> WORK TO BE COMPLETED
Your answer must hold only the lines below from the line containing "< dim_row (0\<^sub>m" through the line containing "carrier_vec k \<Longrightarrow>", each reproduced exactly.

--- SUPPLIED MATERIAL ---

lemma adj_mult:
  assumes "A \<in> carrier_mat n k" "B \<in> carrier_mat k m"
  shows "adj (A * B) = adj B * adj A"
  using assms by (intro eq_matI) (auto simp: scalar_prod_def mult.commute)

lemma mult_carrier_square [simp]:
  "(A :: 'a :: semiring_0 mat) \<in> carrier_mat n n \<Longrightarrow> B \<in> carrier_mat n n \<Longrightarrow> A * B \<in> carrier_mat n n"
  by simp

lemma index_mult_mat_square:
  assumes "A \<in> carrier_mat n n" "B \<in> carrier_mat n n" "a < n" "b < n"
  shows "(A * B) $$ (a,b) = (\<Sum>k<n. A $$ (a,k) * B $$ (k,b))"
  using assms by (auto simp: scalar_prod_def atLeast0LessThan)

lemma index_mult_mat_square3:
  assumes "A \<in> carrier_mat n n" "B \<in> carrier_mat n n" "C \<in> carrier_mat n n" "a < n" "b < n"
  shows "(A * B * C) $$ (a,b) = (\<Sum>k<n. \<Sum>l<n. A $$ (a,k) * B $$ (k,l) * C $$ (l,b))"
  using assms by (auto simp: scalar_prod_def atLeast0LessThan sum_distrib_left sum_distrib_right
      mult_ac intro: sum.swap)

lemma mtrace_mult_commute:
  assumes "A \<in> carrier_mat n n" "B \<in> carrier_mat n n"
  shows "mtrace (A * B) = mtrace (B * A)"
proof -
  have "mtrace (A * B) = (\<Sum>i<n. \<Sum>k<n. A $$ (i,k) * B $$ (k,i))"
    using assms by (auto simp: mtrace_def scalar_prod_def atLeast0LessThan intro!: sum.cong)
  also have "\<dots> = (\<Sum>k<n. \<Sum>i<n. B $$ (k,i) * A $$ (i,k))"
    by (subst sum.swap) (simp add: mult.commute)
  also have "\<dots> = mtrace (B * A)"
    using assms by (auto simp: mtrace_def scalar_prod_def atLeast0LessThan intro!: sum.cong)
  finally show ?thesis .
qed

abbreviation mat_indices :: "nat \<Rightarrow> (nat \<times> nat) set" where
  "mat_indices n \<equiv> {..<n} \<times> {..<n}"

lemma hs_inner_eq_sum_entries:
  assumes "X \<in> carrier_mat n n" "Y \<in> carrier_mat n n"
  shows "hs_inner X Y = (\<Sum>q\<in>mat_indices n. cnj (X $$ q) * Y $$ q)"
proof -
  have "hs_inner X Y = (\<Sum>i<n. \<Sum>k<n. cnj (X $$ (k,i)) * Y $$ (k,i))"
    using assms unfolding hs_inner_def mtrace_def adj_def
    by (auto simp: scalar_prod_def atLeast0LessThan intro!: sum.cong)
  also have "\<dots> = (\<Sum>k<n. \<Sum>i<n. cnj (X $$ (k,i)) * Y $$ (k,i))"
    by (rule sum.swap)
  finally show ?thesis
    by (simp add: sum.cartesian_product)
qed

lemma hs_inner_swap:
  assumes "X \<in> carrier_mat n n" "Y \<in> carrier_mat n n"
  shows "hs_inner Y X = cnj (hs_inner X Y)"
  using assms by (simp add: hs_inner_eq_sum_entries mult.commute)

lemma mtrace_smult: "A \<in> carrier_mat k k \<Longrightarrow> mtrace (a \<cdot>\<^sub>m A) = a * mtrace A"
  unfolding mtrace_def sum_distrib_left by (intro sum.cong) auto

lemma hs_inner_smult_right:
  assumes "X \<in> carrier_mat n n" "Y \<in> carrier_mat n n"
  shows "hs_inner X (b \<cdot>\<^sub>m Y) = b * hs_inner X Y"
proof -
  have "adj X * (b \<cdot>\<^sub>m Y) = b \<cdot>\<^sub>m (adj X * Y)"
    using assms by (intro mult_smult_distrib[of _ n n _ n]) auto
  thus ?thesis
    using assms by (simp add: hs_inner_def mtrace_smult[of _ n])
qed

lemma hs_inner_smult_left:
  assumes "X \<in> carrier_mat n n" "Y \<in> carrier_mat n n"
  shows "hs_inner (a \<cdot>\<^sub>m X) Y = cnj a * hs_inner X Y"
  using assms by (simp add: hs_inner_swap[of Y n] hs_inner_smult_right)

lemma hs_inner_self:
  assumes "X \<in> carrier_mat n n"
  shows "hs_inner X X = of_real (\<Sum>q\<in>mat_indices n. (cmod (X $$ q))\<^sup>2)"
  using assms
  by (simp add: hs_inner_eq_sum_entries complex_norm_square mult.commute del: of_real_power)

lemma hs_inner_Cauchy_Schwarz:
  assumes "X \<in> carrier_mat n n" "Y \<in> carrier_mat n n"
  shows "(cmod (hs_inner X Y))\<^sup>2 \<le> Re (hs_inner X X) * Re (hs_inner Y Y)"
proof -
  let ?I = "mat_indices n"
  have "cmod (hs_inner X Y) \<le> (\<Sum>q\<in>?I. cmod (X $$ q) * cmod (Y $$ q))"
    unfolding hs_inner_eq_sum_entries[OF assms]
    by (rule order.trans[OF norm_sum]) (simp add: norm_mult)
  hence "(cmod (hs_inner X Y))\<^sup>2 \<le> (\<Sum>q\<in>?I. cmod (X $$ q) * cmod (Y $$ q))\<^sup>2"
    by (simp add: power_mono)
  also have "\<dots> \<le> (\<Sum>q\<in>?I. (cmod (X $$ q))\<^sup>2) * (\<Sum>q\<in>?I. (cmod (Y $$ q))\<^sup>2)"
    by (rule Cauchy_Schwarz_ineq_sum)
  finally show ?thesis
    using assms by (simp add: hs_inner_self)
qed

lemma cscalar_prod_mult_mat_vec:
  assumes "(M :: complex mat) \<in> carrier_mat k k" "v \<in> carrier_vec k"
  shows "(M *\<^sub>v v) \<bullet>c v = (\<Sum>\<alpha><k. \<Sum>\<beta><k. M $$ (\<alpha>,\<beta>) * v $ \<beta> * cnj (v $ \<alpha>))"
  using assms by (auto simp: scalar_prod_def atLeast0LessThan sum_distrib_right intro!: sum.cong)

lemma smult_mult_mat_vec:
  assumes "(A :: 'a :: comm_semiring_0 mat) \<in> carrier_mat nr nc" "v \<in> carrier_vec nc"
  shows "(a \<cdot>\<^sub>m A) *\<^sub>v v = a \<cdot>\<^sub>v (A *\<^sub>v v)"
  using assms by (intro eq_vecI) (auto simp: scalar_prod_def sum_distrib_left mult.assoc)

lemma zero_mat_if_mult_mat_vec_zero:
  assumes "(F :: 'a :: comm_ring_1 mat) \<in> carrier_mat a b" "\<And>v. v \<in> carrier_vec b \<Longrightarrow> F *\<^sub>v v = 0\<^sub>v a"
  shows "F = 0\<^sub>m a b"
proof (rule eq_matI)
  fix i j
  assume ij: "i < dim_row (0\<^sub>m a b :: 'a mat)" "j < dim_col (0\<^sub>m a b :: 'a mat)"
  have "F $$ (i,j) = (F *\<^sub>v unit_vec b j) $ i"
    using assms(1) ij by auto
  thus "F $$ (i,j) = 0\<^sub>m a b $$ (i,j)"
    using assms(2)[of "unit_vec b j"] ij by simp
qed (use assms in auto)

lemma loewner_leI:
  assumes "A \<in> carrier_mat k k" "B \<in> carrier_mat k k"
    and "\<And>v. v \<in> carrier_vec k \<Longrightarrow>
           Im ((B *\<^sub>v v) \<bullet>c v - (A *\<^sub>v v) \<bullet>c v) = 0 \<and> 0 \<le> Re ((B *\<^sub>v v) \<bullet>c v - (A *\<^sub>v v) \<bullet>c v)"
  shows "loewner_le A B"
  unfolding loewner_le_def
proof (intro exI[of _ k] conjI ballI)
  fix v :: "complex vec"
  assume v: "v \<in> carrier_vec k"
  have "((B - A) *\<^sub>v v) \<bullet>c v = (B *\<^sub>v v) \<bullet>c v - (A *\<^sub>v v) \<bullet>c v"
    using assms(1,2) v
    by (simp add: minus_mult_distrib_mat_vec minus_scalar_prod_distrib[of _ k])
  thus "Im (((B - A) *\<^sub>v v) \<bullet>c v) = 0" "0 \<le> Re (((B - A) *\<^sub>v v) \<bullet>c v)"
    using assms(3)[OF v] by simp_all
qed (use assms in auto)

section \<open>Linear combinations and orthonormal bases of matrices\<close>

lemma lincomb_m_carrier [simp]: "lincomb_m n I c F \<in> carrier_mat n n"
  by (simp add: lincomb_m_def)

lemma dim_lincomb_m [simp]: "dim_row (lincomb_m n I c F) = n" "dim_col (lincomb_m n I c F) = n"
  by (simp_all add: lincomb_m_def)

lemma index_lincomb_m:
  "a < n \<Longrightarrow> b < n \<Longrightarrow> lincomb_m n I c F $$ (a,b) = (\<Sum>i\<in>I. c i * F i $$ (a,b))"
  by (simp add: lincomb_m_def)

lemma lincomb_m_cong:
  assumes "\<And>i. i \<in> I \<Longrightarrow> c i = c' i" "\<And>i. i \<in> I \<Longrightarrow> F i = F' i"
  shows "lincomb_m n I c F = lincomb_m n I c' F'"
  using assms by (intro eq_matI) (auto simp: index_lincomb_m intro!: sum.cong)

lemma lincomb_m_zero: "lincomb_m n I (\<lambda>i. 0) F = 0\<^sub>m n n"
  by (intro eq_matI) (auto simp: index_lincomb_m)

lemma lincomb_m_indicator:
  assumes "finite I" "k \<in> I" "F k \<in> carrier_mat n n"
  shows "lincomb_m n I (\<lambda>j. if j = k then 1 else 0) F = F k"
  using assms by (intro eq_matI) (auto simp: index_lincomb_m)

lemma add_lincomb_m: "lincomb_m n I c F + lincomb_m n I c' F = lincomb_m n I (\<lambda>i. c i + c' i) F"
  by (intro eq_matI) (auto simp: index_lincomb_m sum.distrib distrib_right)

lemma smult_lincomb_m: "a \<cdot>\<^sub>m lincomb_m n I c F = lincomb_m n I (\<lambda>i. a * c i) F"
  by (intro eq_matI) (auto simp: index_lincomb_m sum_distrib_left mult_ac)

lemma lincomb_m_lincomb_m:
  assumes "finite I" "finite J"
  shows "lincomb_m n I c (\<lambda>i. lincomb_m n J (b i) H) = lincomb_m n J (\<lambda>j. \<Sum>i\<in>I. c i * b i j) H"
  using assms by (intro eq_matI)
    (auto simp: index_lincomb_m sum_distrib_left sum_distrib_right sum.swap[of _ I] mult_ac)

lemma lincomb_m_swap:
  assumes "finite I" "finite K"
  shows "lincomb_m n K a (\<lambda>k. lincomb_m n I c (H k)) = lincomb_m n I c (\<lambda>i. lincomb_m n K a (\<lambda>k. H k i))"
  using assms by (intro eq_matI) (auto simp: index_lincomb_m sum_distrib_left sum.swap[of _ I] mult_ac)

lemma hs_inner_lincomb_m_right:
  assumes "X \<in> carrier_mat n n" "finite I" "\<And>i. i \<in> I \<Longrightarrow> F i \<in> carrier_mat n n"
  shows "hs_inner X (lincomb_m n I c F) = (\<Sum>i\<in>I. c i * hs_inner X (F i))"
proof -
  have "hs_inner X (lincomb_m n I c F)
      = (\<Sum>q\<in>mat_indices n. cnj (X $$ q) * (\<Sum>i\<in>I. c i * F i $$ q))"
    using assms by (auto simp: hs_inner_eq_sum_entries index_lincomb_m intro!: sum.cong)
  also have "\<dots> = (\<Sum>i\<in>I. \<Sum>q\<in>mat_indices n. c i * (cnj (X $$ q) * F i $$ q))"
    by (simp add: sum_distrib_left sum.swap[of _ I] mult_ac)
  also have "\<dots> = (\<Sum>i\<in>I. c i * hs_inner X (F i))"
    using assms by (simp add: hs_inner_eq_sum_entries sum_distrib_left)
  finally show ?thesis .
qed

lemma hs_inner_lincomb_m_left:
  assumes "X \<in> carrier_mat n n" "finite I" "\<And>i. i \<in> I \<Longrightarrow> F i \<in> carrier_mat n n"
  shows "hs_inner (lincomb_m n I c F) X = (\<Sum>i\<in>I. cnj (c i) * hs_inner (F i) X)"
  using assms by (simp add: hs_inner_swap[of X n] hs_inner_lincomb_m_right)

lemma mult_lincomb_m_left:
  assumes "M \<in> carrier_mat n n" "finite I" "\<And>i. i \<in> I \<Longrightarrow> F i \<in> carrier_mat n n"
  shows "M * lincomb_m n I c F = lincomb_m n I c (\<lambda>i. M * F i)"
proof (rule eq_matI)
  fix a b
  assume "a < dim_row (lincomb_m n I c (\<lambda>i. M * F i))" "b < dim_col (lincomb_m n I c (\<lambda>i. M * F i))"
  hence ab: "a < n" "b < n"
    by auto
  have "(M * lincomb_m n I c F) $$ (a,b) = (\<Sum>k<n. M $$ (a,k) * (\<Sum>i\<in>I. c i * F i $$ (k,b)))"
    using assms ab by (simp add: index_mult_mat_square index_lincomb_m del: index_mult_mat)
  also have "\<dots> = (\<Sum>i\<in>I. c i * (\<Sum>k<n. M $$ (a,k) * F i $$ (k,b)))"
    by (simp add: sum_distrib_left sum.swap[of _ I] mult_ac)
  also have "\<dots> = lincomb_m n I c (\<lambda>i. M * F i) $$ (a,b)"
    using assms ab by (auto simp: index_mult_mat_square index_lincomb_m intro!: sum.cong)
  finally show "(M * lincomb_m n I c F) $$ (a,b) = lincomb_m n I c (\<lambda>i. M * F i) $$ (a,b)" .
qed (use assms in auto)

---

> SOLVED PROBLEM
  assume ij: "i < dim_row (0\<^sub>m a b :: 'a mat)" "j < dim_col (0\<^sub>m a b :: 'a mat)"
  have "F $$ (i,j) = (F *\<^sub>v unit_vec b j) $ i"
    using assms(1) ij by auto
  thus "F $$ (i,j) = 0\<^sub>m a b $$ (i,j)"
    using assms(2)[of "unit_vec b j"] ij by simp
qed (use assms in auto)

lemma loewner_leI:
  assumes "A \<in> carrier_mat k k" "B \<in> carrier_mat k k"
    and "\<And>v. v \<in> carrier_vec k \<Longrightarrow>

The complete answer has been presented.